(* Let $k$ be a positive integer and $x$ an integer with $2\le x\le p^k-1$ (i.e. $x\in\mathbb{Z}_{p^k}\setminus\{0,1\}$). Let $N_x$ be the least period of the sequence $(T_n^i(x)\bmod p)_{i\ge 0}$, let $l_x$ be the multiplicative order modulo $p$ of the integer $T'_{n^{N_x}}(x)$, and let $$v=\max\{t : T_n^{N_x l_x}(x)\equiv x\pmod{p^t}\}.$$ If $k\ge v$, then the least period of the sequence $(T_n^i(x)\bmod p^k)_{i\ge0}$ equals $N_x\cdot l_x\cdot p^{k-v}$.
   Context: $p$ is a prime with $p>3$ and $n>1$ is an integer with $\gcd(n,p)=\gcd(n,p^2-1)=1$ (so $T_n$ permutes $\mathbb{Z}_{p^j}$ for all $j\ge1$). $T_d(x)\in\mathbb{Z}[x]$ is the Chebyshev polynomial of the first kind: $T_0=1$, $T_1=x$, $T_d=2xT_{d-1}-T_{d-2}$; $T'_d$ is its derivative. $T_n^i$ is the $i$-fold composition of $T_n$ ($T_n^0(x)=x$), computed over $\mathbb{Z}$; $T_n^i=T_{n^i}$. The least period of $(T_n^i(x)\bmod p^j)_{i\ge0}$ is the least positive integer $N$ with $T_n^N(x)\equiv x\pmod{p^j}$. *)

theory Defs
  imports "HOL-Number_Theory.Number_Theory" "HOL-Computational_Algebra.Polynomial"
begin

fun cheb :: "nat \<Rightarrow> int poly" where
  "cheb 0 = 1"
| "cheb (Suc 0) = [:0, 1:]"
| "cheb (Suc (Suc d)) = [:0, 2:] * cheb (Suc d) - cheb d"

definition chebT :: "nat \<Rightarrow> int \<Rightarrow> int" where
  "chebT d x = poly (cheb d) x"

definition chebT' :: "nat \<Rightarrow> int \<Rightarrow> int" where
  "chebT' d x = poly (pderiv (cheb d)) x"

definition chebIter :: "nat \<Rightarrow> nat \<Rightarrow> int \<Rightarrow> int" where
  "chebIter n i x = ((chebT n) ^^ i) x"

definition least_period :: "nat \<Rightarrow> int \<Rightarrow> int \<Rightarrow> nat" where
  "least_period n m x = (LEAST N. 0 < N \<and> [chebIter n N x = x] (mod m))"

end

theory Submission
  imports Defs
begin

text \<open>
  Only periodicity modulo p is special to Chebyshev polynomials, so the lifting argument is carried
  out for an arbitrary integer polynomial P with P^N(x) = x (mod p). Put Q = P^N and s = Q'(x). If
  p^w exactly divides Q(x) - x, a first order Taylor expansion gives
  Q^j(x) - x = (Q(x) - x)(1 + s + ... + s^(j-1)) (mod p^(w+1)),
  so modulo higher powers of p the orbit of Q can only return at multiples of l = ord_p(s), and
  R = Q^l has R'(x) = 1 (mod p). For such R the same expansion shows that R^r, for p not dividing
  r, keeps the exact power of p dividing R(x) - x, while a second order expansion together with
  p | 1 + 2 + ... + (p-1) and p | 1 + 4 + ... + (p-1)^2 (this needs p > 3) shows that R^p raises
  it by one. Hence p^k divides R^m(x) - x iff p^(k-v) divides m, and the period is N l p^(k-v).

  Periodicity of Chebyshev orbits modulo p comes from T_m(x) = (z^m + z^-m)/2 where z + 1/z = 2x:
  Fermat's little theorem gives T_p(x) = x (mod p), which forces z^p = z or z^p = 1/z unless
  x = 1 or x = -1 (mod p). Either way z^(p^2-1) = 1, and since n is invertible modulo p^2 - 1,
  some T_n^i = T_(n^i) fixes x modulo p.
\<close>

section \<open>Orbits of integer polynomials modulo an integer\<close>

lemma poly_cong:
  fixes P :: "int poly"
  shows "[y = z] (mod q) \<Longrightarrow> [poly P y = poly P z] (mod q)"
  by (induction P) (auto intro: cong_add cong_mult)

...

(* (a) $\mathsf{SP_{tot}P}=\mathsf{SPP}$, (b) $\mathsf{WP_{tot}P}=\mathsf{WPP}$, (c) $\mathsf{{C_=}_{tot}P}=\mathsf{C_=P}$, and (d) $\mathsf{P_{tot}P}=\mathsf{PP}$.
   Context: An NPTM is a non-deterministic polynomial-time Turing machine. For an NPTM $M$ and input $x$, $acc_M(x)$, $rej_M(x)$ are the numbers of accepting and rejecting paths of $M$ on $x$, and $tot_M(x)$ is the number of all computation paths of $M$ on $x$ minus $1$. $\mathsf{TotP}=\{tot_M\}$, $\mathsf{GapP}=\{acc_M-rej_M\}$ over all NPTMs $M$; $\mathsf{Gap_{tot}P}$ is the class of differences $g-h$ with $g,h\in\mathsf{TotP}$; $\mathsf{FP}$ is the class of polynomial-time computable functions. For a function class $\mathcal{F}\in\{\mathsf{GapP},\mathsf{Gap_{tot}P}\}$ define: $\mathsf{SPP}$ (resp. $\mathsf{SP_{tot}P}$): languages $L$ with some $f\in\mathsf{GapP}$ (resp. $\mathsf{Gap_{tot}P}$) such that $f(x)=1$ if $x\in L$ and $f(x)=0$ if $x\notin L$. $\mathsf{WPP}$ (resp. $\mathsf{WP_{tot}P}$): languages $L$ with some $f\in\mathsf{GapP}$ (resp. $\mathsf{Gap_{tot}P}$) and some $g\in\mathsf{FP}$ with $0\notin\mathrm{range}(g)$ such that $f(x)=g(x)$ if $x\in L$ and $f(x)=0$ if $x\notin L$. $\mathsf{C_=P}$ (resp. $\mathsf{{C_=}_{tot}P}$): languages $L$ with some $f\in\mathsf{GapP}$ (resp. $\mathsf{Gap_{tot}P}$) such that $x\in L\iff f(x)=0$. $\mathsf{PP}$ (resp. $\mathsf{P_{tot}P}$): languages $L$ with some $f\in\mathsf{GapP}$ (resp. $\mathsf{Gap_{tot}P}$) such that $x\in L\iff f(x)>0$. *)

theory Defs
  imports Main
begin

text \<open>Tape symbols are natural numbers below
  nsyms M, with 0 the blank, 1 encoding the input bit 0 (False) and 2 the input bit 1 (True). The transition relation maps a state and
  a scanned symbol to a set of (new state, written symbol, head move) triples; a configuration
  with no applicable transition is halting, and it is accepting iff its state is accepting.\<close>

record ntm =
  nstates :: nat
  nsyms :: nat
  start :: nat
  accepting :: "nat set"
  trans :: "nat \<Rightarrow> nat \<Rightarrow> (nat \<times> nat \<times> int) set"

---

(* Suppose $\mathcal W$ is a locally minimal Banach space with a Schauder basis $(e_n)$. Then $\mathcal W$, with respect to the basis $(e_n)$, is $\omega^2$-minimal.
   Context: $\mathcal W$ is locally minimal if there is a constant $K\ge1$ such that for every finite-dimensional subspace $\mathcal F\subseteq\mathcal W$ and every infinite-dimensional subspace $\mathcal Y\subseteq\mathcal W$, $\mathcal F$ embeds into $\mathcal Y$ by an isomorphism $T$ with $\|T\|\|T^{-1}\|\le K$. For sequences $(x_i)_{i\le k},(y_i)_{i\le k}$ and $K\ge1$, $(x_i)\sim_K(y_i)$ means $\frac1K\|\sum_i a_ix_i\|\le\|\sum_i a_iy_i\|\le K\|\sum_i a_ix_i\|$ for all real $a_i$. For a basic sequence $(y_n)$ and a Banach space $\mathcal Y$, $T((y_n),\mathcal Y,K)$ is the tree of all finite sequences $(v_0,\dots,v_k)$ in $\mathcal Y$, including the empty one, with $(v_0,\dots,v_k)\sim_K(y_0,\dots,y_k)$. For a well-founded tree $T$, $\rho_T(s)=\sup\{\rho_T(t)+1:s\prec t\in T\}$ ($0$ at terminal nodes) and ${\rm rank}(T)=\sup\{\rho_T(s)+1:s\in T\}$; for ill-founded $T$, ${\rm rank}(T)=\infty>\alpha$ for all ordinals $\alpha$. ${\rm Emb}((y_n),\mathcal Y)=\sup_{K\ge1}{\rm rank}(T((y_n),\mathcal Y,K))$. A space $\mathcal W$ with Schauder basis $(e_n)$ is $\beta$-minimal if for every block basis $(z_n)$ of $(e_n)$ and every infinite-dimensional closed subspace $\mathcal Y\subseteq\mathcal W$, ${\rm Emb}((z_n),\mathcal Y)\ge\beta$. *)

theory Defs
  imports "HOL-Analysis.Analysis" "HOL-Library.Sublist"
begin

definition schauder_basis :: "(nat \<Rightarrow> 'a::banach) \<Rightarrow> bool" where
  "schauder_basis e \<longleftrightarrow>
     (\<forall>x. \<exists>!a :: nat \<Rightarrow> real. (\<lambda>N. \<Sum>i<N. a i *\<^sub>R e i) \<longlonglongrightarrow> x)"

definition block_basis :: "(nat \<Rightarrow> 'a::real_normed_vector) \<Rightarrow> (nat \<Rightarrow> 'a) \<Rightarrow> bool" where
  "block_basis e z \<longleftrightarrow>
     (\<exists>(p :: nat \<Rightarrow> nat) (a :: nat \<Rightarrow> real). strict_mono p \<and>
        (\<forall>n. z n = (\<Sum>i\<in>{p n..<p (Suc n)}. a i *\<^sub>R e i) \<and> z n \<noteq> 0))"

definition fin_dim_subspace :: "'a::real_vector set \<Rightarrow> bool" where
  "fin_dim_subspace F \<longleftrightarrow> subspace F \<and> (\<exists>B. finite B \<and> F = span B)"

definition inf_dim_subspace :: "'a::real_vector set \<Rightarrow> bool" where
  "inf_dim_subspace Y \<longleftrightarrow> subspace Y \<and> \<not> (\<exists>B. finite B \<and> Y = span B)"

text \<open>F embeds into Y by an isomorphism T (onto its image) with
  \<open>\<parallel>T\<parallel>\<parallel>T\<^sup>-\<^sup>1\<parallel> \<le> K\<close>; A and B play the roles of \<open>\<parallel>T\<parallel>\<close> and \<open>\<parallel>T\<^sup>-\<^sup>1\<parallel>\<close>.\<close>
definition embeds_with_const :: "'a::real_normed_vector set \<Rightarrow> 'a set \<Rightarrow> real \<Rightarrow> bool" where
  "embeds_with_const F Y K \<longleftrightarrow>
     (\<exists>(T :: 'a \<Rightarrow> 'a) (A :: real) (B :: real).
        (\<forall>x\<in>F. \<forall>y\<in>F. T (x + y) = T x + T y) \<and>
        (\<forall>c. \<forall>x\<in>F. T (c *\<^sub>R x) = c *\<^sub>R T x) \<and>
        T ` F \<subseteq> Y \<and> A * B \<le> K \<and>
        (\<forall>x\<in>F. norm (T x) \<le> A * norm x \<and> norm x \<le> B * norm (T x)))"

◆ TASK DETAILS ◆
Would you output, from the records above, exactly the run of lines that starts at the line containing "x = 1 or x = -1" and ends at the line containing "by (induction P)", and only that run?

◆ SOLUTION ◆
  x = 1 or x = -1 (mod p). Either way z^(p^2-1) = 1, and since n is invertible modulo p^2 - 1,
  some T_n^i = T_(n^i) fixes x modulo p.
\<close>

section \<open>Orbits of integer polynomials modulo an integer\<close>

lemma poly_cong:
  fixes P :: "int poly"
  shows "[y = z] (mod q) \<Longrightarrow> [poly P y = poly P z] (mod q)"
  by (induction P) (auto intro: cong_add cong_mult)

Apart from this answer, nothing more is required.